February 19, 2009 10:45 PM PST
by Declan McCullagh
Republican politicians on Thursday called for a sweeping new federal law that would require all Internet providers and operators of millions of Wi-Fi access points, even hotels, local coffee shops, and home users, to keep records about users for two years to aid police investigations.
The legislation, which echoes a measure proposed by one of their Democratic colleagues three years ago, would impose unprecedented data retention requirements on a broad swath of Internet access providers and is certain to draw fire from businesses and privacy advocates.
“While the Internet has generated many positive changes in the way we communicate and do business, its limitless nature offers anonymity that has opened the door to criminals looking to harm innocent children,” U.S. Sen. John Cornyn, a Texas Republican, said at a press conference on Thursday. “Keeping our children safe requires cooperation on the local, state, federal, and family level.”
Joining Cornyn was Texas Rep. Lamar Smith, the senior Republican on the House Judiciary Committee, and Texas Attorney General Greg Abbott, who said such a measure would let “law enforcement stay ahead of the criminals.”
Two bills have been introduced so far–S.436 in the Senate and H.R.1076 in the House. Each of the companion bills is titled “Internet Stopping Adults Facilitating the Exploitation of Today’s Youth Act,” or Internet Safety Act.
Each contains the same language: “A provider of an electronic communication service or remote computing service shall retain for a period of at least two years all records or other information pertaining to the identity of a user of a temporarily assigned network address the service assigns to that user.”
Translated, the Internet Safety Act applies not just to AT&T, Comcast, Verizon, and so on–but also to the tens of millions of homes with Wi-Fi access points or wired routers that use the standard method of dynamically assigning temporary addresses. (That method is called Dynamic Host Configuration Protocol, or DHCP.)
“Everyone has to keep such information,” says Albert Gidari, a partner at the Perkins Coie law firm in Seattle who specializes in this area of electronic privacy law.
The legal definition of electronic communication service is “any service which provides to users thereof the ability to send or receive wire or electronic communications.” The U.S. Justice Department’s position is that any service “that provides others with means of communicating electronically” qualifies.
That sweeps in not just public Wi-Fi access points, but password-protected ones too, and applies to individuals, small businesses, large corporations, libraries, schools, universities, and even government agencies. Voice over IP services may be covered too.
Under the Internet Safety Act, all of those would have to keep logs for at least two years. It “covers every employer that uses DHCP for its network,” Gidari said. “It covers Aircell on airplanes– hose little pico cells will have to store a lot of data for those in-the-air Internet users.”
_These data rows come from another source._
(* Let $A\in\mathbb{R}^{n\times n}$, $B\in\mathbb{R}^{n\times b}$, $C\in\mathbb{R}^{c\times n}$ with $(A,B)$ stabilizable and $(A,C)$ detectable. Let $X_\infty\in\mathbb{R}^{n\times n}$ be the unique symmetric positive semidefinite solution of the algebraic Riccati equation $0=A^TX+XA-XBB^TX+C^TC$, and let $q_1,\dots,q_n\in\mathbb{R}^n$ be an orthonormal system of eigenvectors of $X_\infty$ with corresponding eigenvalues $\lambda_1(X_\infty)\ge\dots\ge\lambda_n(X_\infty)$ (i.e. $X_\infty q_i=\lambda_i(X_\infty)q_i$). Let $X\colon[0,\infty)\to\mathbb{R}^{n\times n}$ be the unique solution of the differential Riccati equation $$\dot X(t)=A^TX(t)+X(t)A-X(t)BB^TX(t)+C^TC,\qquad X(0)=0.$$ Then for all $i,j=1,\dots,n$ and all $t\ge0$, $$|q_i^TX(t)q_j|\le\sqrt{\lambda_i(X_\infty)\,\lambda_j(X_\infty)}.$$
   Context: $\lambda_k(\cdot)$ denotes the $k$-th largest eigenvalue of a real symmetric matrix. The differential Riccati equation with zero initial value has a unique solution on $[0,\infty)$. *)

theory Defs
  imports "HOL-Analysis.Analysis"
begin

definition cmat :: "real^'n^'m \<Rightarrow> complex^'n^'m" where
  "cmat M = (\<chi> i j. complex_of_real (M $ i $ j))"

definition hurwitz :: "real^'n^'n \<Rightarrow> bool" where
  "hurwitz M \<longleftrightarrow> (\<forall>(\<mu>::complex) (v::complex^'n). v \<noteq> 0 \<and> cmat M *v v = \<mu> *s v \<longrightarrow> Re \<mu> < 0)"

definition stabilizable :: "real^'n^'n \<Rightarrow> real^'b^'n \<Rightarrow> bool" where
  "stabilizable A B \<longleftrightarrow> (\<exists>K::real^'n^'b. hurwitz (A - B ** K))"

definition detectable :: "real^'n^'n \<Rightarrow> real^'n^'c \<Rightarrow> bool" where
  "detectable A C \<longleftrightarrow> (\<exists>L::real^'c^'n. hurwitz (A - L ** C))"

definition psd :: "real^'n^'n \<Rightarrow> bool" where
  "psd M \<longleftrightarrow> (\<forall>v. 0 \<le> v \<bullet> (M *v v))"

definition riccati_rhs :: "real^'n^'n \<Rightarrow> real^'b^'n \<Rightarrow> real^'n^'c \<Rightarrow> real^'n^'n \<Rightarrow> real^'n^'n" where
  "riccati_rhs A B C X = transpose A ** X + X ** A - X ** B ** transpose B ** X + transpose C ** C"

end

theory Submission
  imports Defs
begin

(* X(t) and X_inf - X(t) are positive semidefinite for every t >= 0. Hence the Cauchy-Schwarz
   inequality for the semi-inner product (u, w) |-> u^T X(t) w bounds |q_i^T X(t) q_j| by the
   square root of q_i^T X(t) q_i * q_j^T X(t) q_j, and q_k^T X(t) q_k <= q_k^T X_inf q_k = lambda_k.

   Both semidefiniteness claims are instances of one comparison principle: a symmetric M with
   M(0) >= 0 and M' >= G^T M + M G (as quadratic forms, G continuous) stays semidefinite. The
   Riccati right-hand sides of two symmetric matrices P, Q differ by G^T (P - Q) + (P - Q) G with
   G = A - B B^T (P + Q) / 2; take (P, Q) = (X, 0) and (X_inf, X). The principle itself follows by
   looking at the first time at which v^T M(t) v + eps e^((2K + 1) t) vanishes on the unit sphere.
   Symmetry of X(t) comes from Gronwall's inequality for X - X^T. *)

section \<open>Matrix algebra\<close>

lemma transpose_zero [simp]: "transpose 0 = (0 :: 'a::zero^'n^'m)"
  by (simp add: transpose_def vec_eq_iff)

lemma transpose_add: "transpose (A + B) = transpose A + transpose (B :: 'a::semiring_1^'n^'m)"
  by (simp add: transpose_def vec_eq_iff)

lemma transpose_diff: "transpose (A - B) = transpose A - transpose (B :: 'a::ring_1^'n^'m)"
  by (simp add: transpose_def vec_eq_iff)

lemma matrix_add_rdistrib: "(A + B) ** C = A ** C + B ** (C :: 'a::semiring_1^'n^'m)"
  by (simp add: matrix_matrix_mult_def vec_eq_iff distrib_right sum.distrib)

lemma matrix_diff_rdistrib: "(A - B) ** C = A ** C - B ** (C :: 'a::ring_1^'n^'m)"
  by (simp add: matrix_matrix_mult_def vec_eq_iff left_diff_distrib sum_subtractf)

lemma matrix_diff_ldistrib: "C ** (A - B) = C ** A - C ** (B :: 'a::ring_1^'n^'m)"
  by (simp add: matrix_matrix_mult_def vec_eq_iff right_diff_distrib sum_subtractf)

lemma inner_matrix_vector_mult_transpose:
  fixes A :: "real^'n^'m"
  shows "(A *v x) \<bullet> y = x \<bullet> (transpose A *v y)"
  by (metis dot_lmul_matrix inner_commute transpose_matrix_vector)

lemma symmetric_quadform_commute:
  fixes P :: "real^'n^'n"
  assumes "transpose P = P"
  shows "v \<bullet> (P *v w) = w \<bullet> (P *v v)"
  by (metis assms dot_lmul_matrix inner_commute transpose_matrix_vector)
In the Bush administration, Attorney General Alberto Gonzales had called for a very similar proposal, saying that subscriber information and network data should be logged for two years.
Until Gonzales’ remarks in 2006, the Bush administration had generally opposed laws requiring data retention, saying it had “serious reservations” about them. But after the European Parliament approved such a requirement for Internet, telephone and VoIP providers, top administration officials began talking about the practice more favorably.
After Gonzales left the Justice Department, the political will for data retention legislation seemed to ebb for a time, but then FBI Director Robert Mueller resumed lobbying efforts last spring.
This tends to be a bipartisan sentiment: Attorney General Eric Holder, a Democrat, said in 1999 that “certain data must be retained by ISPs for reasonable periods of time so that it can be accessible to law enforcement.” Rep. John Conyers, the Democratic chairman of the House Judiciary Committee, said that FBI proposals for data retention legislation “would be most welcome.”
Smith, who sponsored the House version of the Internet Safety Act, had previously introduced a one-year requirement as part of a law-and-order agenda in 2007.
A 1996 federal law called the Electronic Communication Transactional Records Act regulates data preservation. It requires Internet providers to retain any “record” in their possession for 90 days “upon the request of a governmental entity.”
Because Internet addresses remain a relatively scarce commodity, ISPs tend to allocate them to customers from a pool based on whether a computer is in use at the time. (Two standard techniques used are the Dynamic Host Configuration Protocol and Point-to-Point Protocol over Ethernet.)
In addition, Internet providers are required by another federal law to report child pornography sightings to the National Center for Missing and Exploited Children, which is in turn charged with forwarding that report to the appropriate police agency.
The Internet Safety Act is broader than just data retention. Other portions add criminal penalties to other child pornography-related offenses, increase penalties for sexual exploitation of minors, and give the FBI an extra $30 million for the “Innocent Images National Initiative.”